Why does the score (accumulated reward) goes down during the exploitation phase in this Deep Q-Learning model?

Question

I'm having a hard time trying to make a Deep Q-Learning agent find the optimal policy. This is how my current model looks like in TensorFlow:

model = Sequential()

model.add(Dense(units=32, activation="relu", input_dim=self.env.state.size)),
model.add(Dense(units=self.env.allActionsKeys.size, activation="softmax"))

model.compile(loss="mse", optimizer=Adam(lr=0.00075), metrics=['accuracy'])

For the problem I'm working on at the moment 'self.env.state.size' is equal 6, and the number of possible actions ('self.env.allActionsKeys.size') is 30.

The input vector consists of bits, each of them with different ranges (not too different in this problem though). The range of 2 bits is [0,3], for other 2 [0,2] and for the remaining [0,1]. Please, note that this is supposed to be a simple problem, I'm also aiming for more complicated ones where the input size would be 15 for instance and the ranges can differ a bit more than that ([0,15], [0,3],...).

This is how my train method looks like:

def train(self, terminal_state):
    if len(self.replay_memory) < MIN_REPLAY_MEMORY_SIZE:
        return

    # Get MINIBATCH_SIZE random samples from replay_memory
    minibatch = random.sample(self.replay_memory, MINIBATCH_SIZE)

    # Transition: (current_state, action, reward, normalized_next_state, next_state, done)

    current_states = np.array([transition[0] for transition in minibatch])
    current_qs_minibatch = self.model.predict(current_states, batch_size=MINIBATCH_SIZE, use_multiprocessing=True)

    next_states = np.array([transition[3] for transition in minibatch])
    next_qs_minibatch = self.model.predict(next_states, batch_size=MINIBATCH_SIZE, use_multiprocessing=True)

    env_get_legal_actions = self.env.get_legal_actions
    np_max = np.max

    X = []
    y = []

    for index, (current_state, action, reward, normalized_next_state, next_state, done) in enumerate(minibatch):
        if not done:
            legalActionsIds = env_get_legal_actions(next_state)
            max_next_q = np_max(next_qs_minibatch[index][legalActionsIds])

            new_q = reward + DISCOUNT * max_next_q
        else:
            new_q = reward

        current_qs = current_qs_minibatch[index].copy()
        current_qs[action] = new_q

        X.append(current_state)
        y.append(current_qs)

    self.model.fit(np.array(X), np.array(y), batch_size=MINIBATCH_SIZE, verbose=0, shuffle=False)

where DISCOUNT = 0.99 and MINIBATCH_SIZE = 64

I read that it's recommended to normalized the input vector so I tested 2 different attribute normalization methods: min-max norm. and z-score norm. And, since the value ranges don't differ that much I also tested without normalization. None of these methods proved to be better than the others.

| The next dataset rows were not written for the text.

(* Let ${\cal D}\subset\mathbb{R}^2$ be a quadriculated disk and ${\cal R}={\cal D}\times[0,2]$. The set of slab tilings of ${\cal R}$ is either empty or connected under flips.
   Context: A quadriculated disk is a connected, simply connected finite union of unit squares $[x,x+1]\times[y,y+1]$, $(x,y)\in\mathbb{Z}^2$. A slab is a $2\times2\times1$ box (any orientation) which is a union of four unit cubes $[x,x+1]\times[y,y+1]\times[z,z+1]$. A slab tiling of ${\cal R}$ is a decomposition of ${\cal R}$ into slabs with disjoint interiors. A flip takes two slabs of the tiling whose union is a $2\times2\times2$ cube and replaces them by one of the two other pairs of slabs tiling that cube. "Connected under flips" means that any two tilings are joined by a finite sequence of flips. *)

theory Defs
  imports "HOL-Analysis.Analysis"
begin

text \<open>Unit squares of the plane are indexed by their lower-left corner (x,y) in Z^2;
  unit cubes of space by their lower corner (x,y,z) in Z^3.\<close>

definition unit_square :: "int \<times> int \<Rightarrow> (real \<times> real) set" where
  "unit_square p = {(a, b). real_of_int (fst p) \<le> a \<and> a \<le> real_of_int (fst p) + 1 \<and>
                            real_of_int (snd p) \<le> b \<and> b \<le> real_of_int (snd p) + 1}"

definition squares_union :: "(int \<times> int) set \<Rightarrow> (real \<times> real) set" where
  "squares_union D = (\<Union>p\<in>D. unit_square p)"

definition quadriculated_disk :: "(int \<times> int) set \<Rightarrow> bool" where
  "quadriculated_disk D \<longleftrightarrow> finite D \<and> D \<noteq> {} \<and>
     connected (squares_union D) \<and> simply_connected (squares_union D)"

definition cylinder2 :: "(int \<times> int) set \<Rightarrow> (int \<times> int \<times> int) set" where
  "cylinder2 D = {(x, y, z). (x, y) \<in> D \<and> (z = 0 \<or> z = 1)}"

definition slab :: "(int \<times> int \<times> int) set \<Rightarrow> bool" where
  "slab S \<longleftrightarrow> (\<exists>x y z.
      S = {(x + i, y + j, z) | i j. i \<in> {0, 1} \<and> j \<in> {0, 1}} \<or>
      S = {(x + i, y, z + k) | i k. i \<in> {0, 1} \<and> k \<in> {0, 1}} \<or>
      S = {(x, y + j, z + k) | j k. j \<in> {0, 1} \<and> k \<in> {0, 1}})"

definition cube2 :: "(int \<times> int \<times> int) set \<Rightarrow> bool" where
  "cube2 C \<longleftrightarrow> (\<exists>x y z. C = {(x + i, y + j, z + k) | i j k.
      i \<in> {0, 1} \<and> j \<in> {0, 1} \<and> k \<in> {0, 1}})"

text \<open>A slab tiling of a region R: a set of slabs with disjoint interiors
  (equivalently, pairwise disjoint sets of unit cubes) whose union is R.\<close>
definition slab_tiling :: "(int \<times> int \<times> int) set \<Rightarrow> (int \<times> int \<times> int) set set \<Rightarrow> bool" where
  "slab_tiling R T \<longleftrightarrow> (\<forall>S\<in>T. slab S) \<and>
     (\<forall>S1\<in>T. \<forall>S2\<in>T. S1 \<noteq> S2 \<longrightarrow> S1 \<inter> S2 = {}) \<and> \<Union>T = R"

definition flip :: "(int \<times> int \<times> int) set set \<Rightarrow> (int \<times> int \<times> int) set set \<Rightarrow> bool" where
  "flip T T' \<longleftrightarrow> (\<exists>S1 S2 S1' S2'.
      S1 \<in> T \<and> S2 \<in> T \<and> S1 \<noteq> S2 \<and> cube2 (S1 \<union> S2) \<and>
      slab S1' \<and> slab S2' \<and> S1' \<inter> S2' = {} \<and> S1' \<union> S2' = S1 \<union> S2 \<and>
      {S1', S2'} \<noteq> {S1, S2} \<and>
      T' = (T - {S1, S2}) \<union> {S1', S2'})"

end

theory Submission
  imports Defs
begin

text \<open>Every slab of a tiling of D x [0,2] is flat (a 2x2 square in one layer) or upright
  (a domino times [0,2]). Take a flat slab whose base square is lexicographically least: the other
  layer of its column is covered by a flat slab with the same base, and flipping this stack into
  two upright slabs lowers the number of flat slabs. Hence every tiling is connected by flips to
  the lift of a domino tiling of D, and domino flips lift to slab flips.

  It remains to show Thurston's theorem that the domino tilings of a simply connected region are
  connected by flips. The difference g of the height functions of two tilings T1, T2 is a
  function on lattice points which vanishes outside the interior of D, because the complement of
  D is connected. If g is positive somewhere, then among the points where g is maximal there is
  one from which the height of T1 decreases in all four directions: otherwise the steps of
  increasing height would contain a closed walk of positive circulation, which is impossible by a
  discrete Green formula, since the winding number around any cell outside D is zero. At such a
  local maximum T1 contains two parallel dominoes forming a 2x2 square, and flipping them lowers
  g there by 4. So the sum of |g| over the interior vertices decreases until T1 = T2.\<close>

section \<open>Tilings and dominoes\<close>

definition tiling :: "('a set \<Rightarrow> bool) \<Rightarrow> 'a set \<Rightarrow> 'a set set \<Rightarrow> bool" where
  "tiling P R T \<longleftrightarrow> (\<forall>S\<in>T. P S) \<and> (\<forall>S1\<in>T. \<forall>S2\<in>T. S1 \<noteq> S2 \<longrightarrow> S1 \<inter> S2 = {}) \<and> \<Union>T = R"

lemma tiling_tile_subset: "tiling P R T \<Longrightarrow> S \<in> T \<Longrightarrow> S \<subseteq> R"
  unfolding tiling_def by blast

lemma tiling_tile_property: "tiling P R T \<Longrightarrow> S \<in> T \<Longrightarrow> P S"
  unfolding tiling_def by blast

lemma tiling_tiles_disjoint: "tiling P R T \<Longrightarrow> S1 \<in> T \<Longrightarrow> S2 \<in> T \<Longrightarrow> S1 \<noteq> S2 \<Longrightarrow> S1 \<inter> S2 = {}"
  unfolding tiling_def by blast

lemma tiling_replace_pair:
  assumes "tiling P R T" "A1 \<in> T" "A2 \<in> T" "P B1" "P B2" "B1 \<inter> B2 = {}" "B1 \<union> B2 = A1 \<union> A2"
  shows "tiling P R (T - {A1, A2} \<union> {B1, B2})"
proof -
  have T: "\<forall>S\<in>T. P S" "\<And>S1 S2. S1 \<in> T \<Longrightarrow> S2 \<in> T \<Longrightarrow> S1 \<noteq> S2 \<Longrightarrow> S1 \<inter> S2 = {}" "\<Union>T = R"
    using assms(1) unfolding tiling_def by blast+
  have old: "S \<inter> (A1 \<union> A2) = {}" if "S \<in> T - {A1, A2}" for S
    using T(2) assms(2,3) that by blast
  have new: "S \<subseteq> A1 \<union> A2" if "S \<in> {B1, B2}" for S
    using assms(7) that by blast
  have "\<forall>S1\<in>T - {A1, A2} \<union> {B1, B2}. \<forall>S2\<in>T - {A1, A2} \<union> {B1, B2}. S1 \<noteq> S2 \<longrightarrow> S1 \<inter> S2 = {}"
  proof (intro ballI impI)
    fix S1 S2
    assume S: "S1 \<in> T - {A1, A2} \<union> {B1, B2}" "S2 \<in> T - {A1, A2} \<union> {B1, B2}" "S1 \<noteq> S2"
    show "S1 \<inter> S2 = {}"
  proof (cases "S1 \<in> {B1, B2}"; cases "S2 \<in> {B1, B2}")
    assume "S1 \<in> {B1, B2}" "S2 \<in> {B1, B2}"
    then show ?thesis using S(3) assms(6) by auto
  next
    assume "S1 \<in> {B1, B2}" "S2 \<notin> {B1, B2}"
    then show ?thesis using S(2) old[of S2] new[of S1] by blast
  next
    assume "S1 \<notin> {B1, B2}" "S2 \<in> {B1, B2}"
    then show ?thesis using S(1) old[of S1] new[of S2] by blast
  next
    assume "S1 \<notin> {B1, B2}" "S2 \<notin> {B1, B2}"
    then show ?thesis using S T(2) by blast
  qed
  qed
  moreover have "\<forall>S\<in>T - {A1, A2} \<union> {B1, B2}. P S"
    using T(1) assms(4,5) by blast
  moreover have "\<Union>(T - {A1, A2} \<union> {B1, B2}) = \<Union>(T - {A1, A2}) \<union> (A1 \<union> A2)"
    using assms(7) by auto
  moreover have "\<dots> = R"
    using T(3) assms(2,3) by auto
  ultimately show ?thesis
    unfolding tiling_def by (intro conjI) simp_all
qed

lemma tiling_replace_pair_inverse:
  assumes T: "tiling P R T" and A: "A1 \<in> T" "A2 \<in> T"
    and B: "B1 \<noteq> {}" "B2 \<noteq> {}" "B1 \<union> B2 = A1 \<union> A2"
  shows "T = (T - {A1, A2} \<union> {B1, B2}) - {B1, B2} \<union> {A1, A2}"
proof -
  have "B \<notin> T - {A1, A2}" if "B \<noteq> {}" "B \<subseteq> A1 \<union> A2" for B
  proof
    assume "B \<in> T - {A1, A2}"
    then have "B \<inter> A1 = {}" "B \<inter> A2 = {}"
      using tiling_tiles_disjoint[OF T] A by blast+
    then show False using that by blast
  qed
  then have "B1 \<notin> T - {A1, A2}" "B2 \<notin> T - {A1, A2}"
    using B by auto
  then show ?thesis using A by blast
qed

type_synonym cell = "int \<times> int"

definition adjacent :: "cell \<Rightarrow> cell \<Rightarrow> bool" where
  "adjacent p q \<longleftrightarrow>
     (fst p = fst q \<and> \<bar>snd p - snd q\<bar> = 1) \<or> (snd p = snd q \<and> \<bar>fst p - fst q\<bar> = 1)"

lemma adjacent_iff:
  "adjacent p q \<longleftrightarrow>
     q = (fst p + 1, snd p) \<or> q = (fst p - 1, snd p) \<or> q = (fst p, snd p + 1) \<or> q = (fst p, snd p - 1)"
proof
  assume "adjacent p q"
  then have "(fst q = fst p \<and> (snd q = snd p + 1 \<or> snd q = snd p - 1)) \<or>
             (snd q = snd p \<and> (fst q = fst p + 1 \<or> fst q = fst p - 1))"
    unfolding adjacent_def by arith
  then show "q = (fst p + 1, snd p) \<or> q = (fst p - 1, snd p) \<or> q = (fst p, snd p + 1) \<or> q = (fst p, snd p - 1)"
    by (cases p; cases q) auto
qed (auto simp: adjacent_def)

lemma adjacent_sym: "adjacent p q \<Longrightarrow> adjacent q p"
  by (auto simp: adjacent_def abs_minus_commute)

definition domino :: "cell set \<Rightarrow> bool" where
  "domino d \<longleftrightarrow> (\<exists>p q. adjacent p q \<and> d = {p, q})"

lemma domino_horizontal: "domino {(x, y), (x + 1, y)}"
  unfolding domino_def adjacent_def by (rule exI[of _ "(x, y)"], rule exI[of _ "(x + 1, y)"]) simp

lemma domino_vertical: "domino {(x, y), (x, y + 1)}"
  unfolding domino_def adjacent_def by (rule exI[of _ "(x, y)"], rule exI[of _ "(x, y + 1)"]) simp

definition horizontal_pair :: "int \<Rightarrow> int \<Rightarrow> cell set set" where
  "horizontal_pair x y = {{(x, y), (x + 1, y)}, {(x, y + 1), (x + 1, y + 1)}}"

definition vertical_pair :: "int \<Rightarrow> int \<Rightarrow> cell set set" where
  "vertical_pair x y = {{(x, y), (x, y + 1)}, {(x + 1, y), (x + 1, y + 1)}}"

definition domino_flip :: "cell set set \<Rightarrow> cell set set \<Rightarrow> bool" where
  "domino_flip T T' \<longleftrightarrow> (\<exists>x y.
     horizontal_pair x y \<subseteq> T \<and> T' = T - horizontal_pair x y \<union> vertical_pair x y \<or>
     vertical_pair x y \<subseteq> T \<and> T' = T - vertical_pair x y \<union> horizontal_pair x y)"

lemma tiling_domino_flip:
  assumes T: "tiling domino D T" and "domino_flip T T'"
  shows "tiling domino D T'"
proof -
  obtain x y where
    "horizontal_pair x y \<subseteq> T \<and> T' = T - horizontal_pair x y \<union> vertical_pair x y \<or>
     vertical_pair x y \<subseteq> T \<and> T' = T - vertical_pair x y \<union> horizontal_pair x y"
    using assms(2) unfolding domino_flip_def by blast
  then show ?thesis
  proof (elim disjE conjE)
    assume "horizontal_pair x y \<subseteq> T" and T': "T' = T - horizontal_pair x y \<union> vertical_pair x y"
    then show ?thesis
      unfolding T' horizontal_pair_def vertical_pair_def
      by (intro tiling_replace_pair[OF T]) (auto simp: domino_horizontal domino_vertical)
  next
    assume "vertical_pair x y \<subseteq> T" and T': "T' = T - vertical_pair x y \<union> horizontal_pair x y"
    then show ?thesis
      unfolding T' horizontal_pair_def vertical_pair_def
      by (intro tiling_replace_pair[OF T]) (auto simp: domino_horizontal domino_vertical)
  qed
qed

What happens is that at the beginning, during the exploration phase, the score gets better over time which means the model is learning something, but then, during the exploitation phase, when the epsilon value is low and the agent takes most of the actions greedly, the score decreases drastically meaning that it actually didn't learn anything good.

This is my Deep Q-Learning algorithm:

epsilon = 1

for episode in range(1, EPISODES+1):
    episode_reward = 0
    step = 0
    done = False
    current_state = env_reset()

    while not done:
        normalized_current_state = env_normalize(current_state)

        if np_random_number() > epsilon:  # Take legal action greedily
            actionsQValues = agent_get_qs(normalized_current_state)
            legalActionsIds = env_get_legal_actions(current_state)
            # Make the argmax selection among the legal actions
            action = legalActionsIds[np_argmax(actionsQValues[legalActionsIds])]
        else:  # Take random legal action
            action = env_sample()

        new_state, reward, done = env_step(action)

        episode_reward += reward

        agent_update_replay_memory((normalized_current_state, action, reward, env_normalize(new_state), new_state, done))
        agent_train(done)

        current_state = new_state
        step += 1

    # Decay epsilon
    if epsilon > MIN_EPSILON:
        epsilon *= EPSILON_DECAY

where EPISODES = 4000 and EPSILON_DECAY = 0.9995.

I played around with all these hyper-parameters but the results are very similar. I don't know what else to try. Am I doing something wrong with normalization? Is there any other normalization method that is more recommended? Could the problem be in my neural network model that is not good enough?

I think it shouldn't be this difficult to make it work for a problem such simple as this one with an input size of 6, an output layer of 30 nodes and a hidden layer of 32.

Note that for the same problem I used a different representation of the state using a binary array of size 14 and it works fine with the same hyper-parameters. What might be the problem then when I use this other representation?

Answer 1

I discovered there was something wrong with the model implementation. The activation function should not be softmax but linear . At least, in my case it works much better this way.